- _What is expected_
Go to the line below containing "define w where" and print exactly from there through the line containing "using no_obs[of w", both included. Print nothing else.

- _Records for the task_
lemma inversions_rev: "x \<in> perms n \<Longrightarrow> inversions (rev x) = value_pairs n - inversions x"
proof -
  assume x: "x \<in> perms n"
  have "a < b \<Longrightarrow> precedes x a b \<longleftrightarrow> a \<in> {1..n} \<and> b \<in> {1..n} \<and> \<not> precedes x b a" for a b
    by (rule precedes_iff_not_precedes[OF x]) simp
  then show ?thesis unfolding inversions_precedes value_pairs_def precedes_rev by auto
qed

lemma weak_le_rev_iff: "x \<in> perms n \<Longrightarrow> y \<in> perms n \<Longrightarrow> weak_le (rev x) (rev y) \<longleftrightarrow> weak_le y x"
  unfolding weak_le_def using inversions_rev inversions_subset_value_pairs by blast

lemma weak_meet:
  assumes x: "x \<in> perms n" and y: "y \<in> perms n"
  shows weak_meet_perms: "weak_meet n x y \<in> perms n"
    and weak_meet_lower1: "weak_le (weak_meet n x y) x"
    and weak_meet_lower2: "weak_le (weak_meet n x y) y"
    and weak_meet_greatest:
      "\<And>w. w \<in> perms n \<Longrightarrow> weak_le w x \<Longrightarrow> weak_le w y \<Longrightarrow> weak_le w (weak_meet n x y)"
proof -
  define z where "z = rev (weak_join n (rev x) (rev y))"
  have rxy: "rev x \<in> perms n" "rev y \<in> perms n" using x y rev_perms by auto
  have z: "z \<in> perms n" unfolding z_def using weak_join_perms[OF rxy] rev_perms by blast
  have "rev z = weak_join n (rev x) (rev y)" unfolding z_def by simp
  then have zx: "weak_le z x" and zy: "weak_le z y"
    using weak_join_upper1[OF rxy] weak_join_upper2[OF rxy] weak_le_rev_iff z x y by metis+
  have greatest: "weak_le w z" if "w \<in> perms n" "weak_le w x" "weak_le w y" for w
  proof -
    have "weak_le (rev x) (rev w)" "weak_le (rev y) (rev w)"
      using that weak_le_rev_iff x y by auto
    then have "weak_le (rev z) (rev w)"
      using weak_join_least[OF rxy] rev_perms[OF that(1)] unfolding z_def by simp
    then show ?thesis using weak_le_rev_iff[OF z that(1)] by simp
  qed
  have "weak_meet n x y = z" using weak_meet_eqI z zx zy greatest by blast
  then show "weak_meet n x y \<in> perms n" "weak_le (weak_meet n x y) x" "weak_le (weak_meet n x y) y"
    "\<And>w. w \<in> perms n \<Longrightarrow> weak_le w x \<Longrightarrow> weak_le w y \<Longrightarrow> weak_le w (weak_meet n x y)"
    using z zx zy greatest by simp_all
qed
lemma no_obstruction_mult:
  assumes no_obs: "\<And>w a b. \<not> obstruction w a b" and z: "z \<in> supp n f"
    and a: "a < n" "flip (component a) z \<in> supp n f"
    and S: "saturated S" "S \<subseteq> {..<n}" "flip S z \<in> supp n f" "component a \<inter> S = {}"
  shows "f (flip (S \<union> component a) z) * f z = f (flip S z) * f (flip (component a) z)"
  using S
proof (induction S rule: saturated_induct)
  case empty
  then show ?case by (simp add: mult.commute)
next
  case (remove S b)
  \<comment> \<open>Peel off the component of \<open>b\<close>: the matrix of the components of \<open>a\<close> and \<open>b\<close> at
    \<open>w = flip S' z\<close> is singular, which carries the identity from \<open>S'\<close> over to \<open>S\<close>.\<close>
  let ?Ca = "component a" and ?Cb = "component b"
  define S' where "S' = S - ?Cb"
  define w where "w = flip S' z"
  have Cb_S: "?Cb \<subseteq> S"
    using component_subset remove.hyps(1,3) by blast
  have b_Ca: "b \<notin> ?Ca"
    using remove.hyps(3) remove.prems(2) by blast
  note in_supp = flip_saturated_subset_in_supp[OF z remove.hyps(1) remove.prems(1) saturated_component a(2)]
  have sat_S': "saturated S'"
    unfolding S'_def using remove.hyps(1) saturated_component by (rule saturated_Diff)
  have S'_supp: "flip S' z \<in> supp n f"
    using in_supp[OF sat_S'] by (auto simp: S'_def)
  have IH: "f (flip (S' \<union> ?Ca) z) * f z = f (flip S' z) * f (flip ?Ca z)"
    using remove.IH S'_supp remove.prems(2) by (auto simp: S'_def)
  have flips: "flip_pair ?Ca ?Cb False False w = flip S' z"
    "flip_pair ?Ca ?Cb True False w = flip (S' \<union> ?Ca) z"
    "flip_pair ?Ca ?Cb False True w = flip S z"
    "flip_pair ?Ca ?Cb True True w = flip (S \<union> ?Ca) z"
    using Cb_S remove.prems(2) unfolding flip_pair_def w_def S'_def by (auto intro!: nth_equalityI)
  have "flip_pair ?Ca ?Cb s t w \<in> supp n f" for s t
    using S'_supp in_supp[OF saturated_Un[OF sat_S' saturated_component]]
      remove.prems(1) in_supp[OF saturated_Un[OF remove.hyps(1) saturated_component]]
    by (cases s; cases t) (auto simp: flips S'_def)
  then have "det_zero (\<lambda>s t. f (flip_pair ?Ca ?Cb s t w))"
    using no_obs[of w a b] a(1) b_Ca remove.hyps(2,3) by (auto simp: obstruction_def)
  then have det: "f (flip S' z) * f (flip (S \<union> ?Ca) z) = f (flip S z) * f (flip (S' \<union> ?Ca) z)"
    by (simp add: det_zero_def flips)
  have "f (flip S' z) \<noteq> 0"
    using S'_supp by (simp add: supp_def)
  moreover have "f (flip S' z) * (f (flip (S \<union> ?Ca) z) * f z) = f (flip S' z) * (f (flip S z) * f (flip ?Ca z))"
    using det IH by (metis mult.assoc mult.commute)
  ultimately show ?case
    by simp
qed

definition representatives :: "nat set" where
  "representatives = {i. i < n \<and> (\<forall>j\<in>component i. i \<le> j)}"

lemma finite_representatives: "finite representatives"
  by (simp add: representatives_def)

lemma representative_unique:
  "i \<in> representatives \<Longrightarrow> k \<in> representatives \<Longrightarrow> i \<in> component k \<Longrightarrow> i = k"
  using component_sym by (fastforce simp: representatives_def intro: antisym)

- _Problem solution_
  define w where "w = flip S' z"
  have Cb_S: "?Cb \<subseteq> S"
    using component_subset remove.hyps(1,3) by blast
  have b_Ca: "b \<notin> ?Ca"
    using remove.hyps(3) remove.prems(2) by blast
  note in_supp = flip_saturated_subset_in_supp[OF z remove.hyps(1) remove.prems(1) saturated_component a(2)]
  have sat_S': "saturated S'"
    unfolding S'_def using remove.hyps(1) saturated_component by (rule saturated_Diff)
  have S'_supp: "flip S' z \<in> supp n f"
    using in_supp[OF sat_S'] by (auto simp: S'_def)
  have IH: "f (flip (S' \<union> ?Ca) z) * f z = f (flip S' z) * f (flip ?Ca z)"
    using remove.IH S'_supp remove.prems(2) by (auto simp: S'_def)
  have flips: "flip_pair ?Ca ?Cb False False w = flip S' z"
    "flip_pair ?Ca ?Cb True False w = flip (S' \<union> ?Ca) z"
    "flip_pair ?Ca ?Cb False True w = flip S z"
    "flip_pair ?Ca ?Cb True True w = flip (S \<union> ?Ca) z"
    using Cb_S remove.prems(2) unfolding flip_pair_def w_def S'_def by (auto intro!: nth_equalityI)
  have "flip_pair ?Ca ?Cb s t w \<in> supp n f" for s t
    using S'_supp in_supp[OF saturated_Un[OF sat_S' saturated_component]]
      remove.prems(1) in_supp[OF saturated_Un[OF remove.hyps(1) saturated_component]]
    by (cases s; cases t) (auto simp: flips S'_def)
  then have "det_zero (\<lambda>s t. f (flip_pair ?Ca ?Cb s t w))"
    using no_obs[of w a b] a(1) b_Ca remove.hyps(2,3) by (auto simp: obstruction_def)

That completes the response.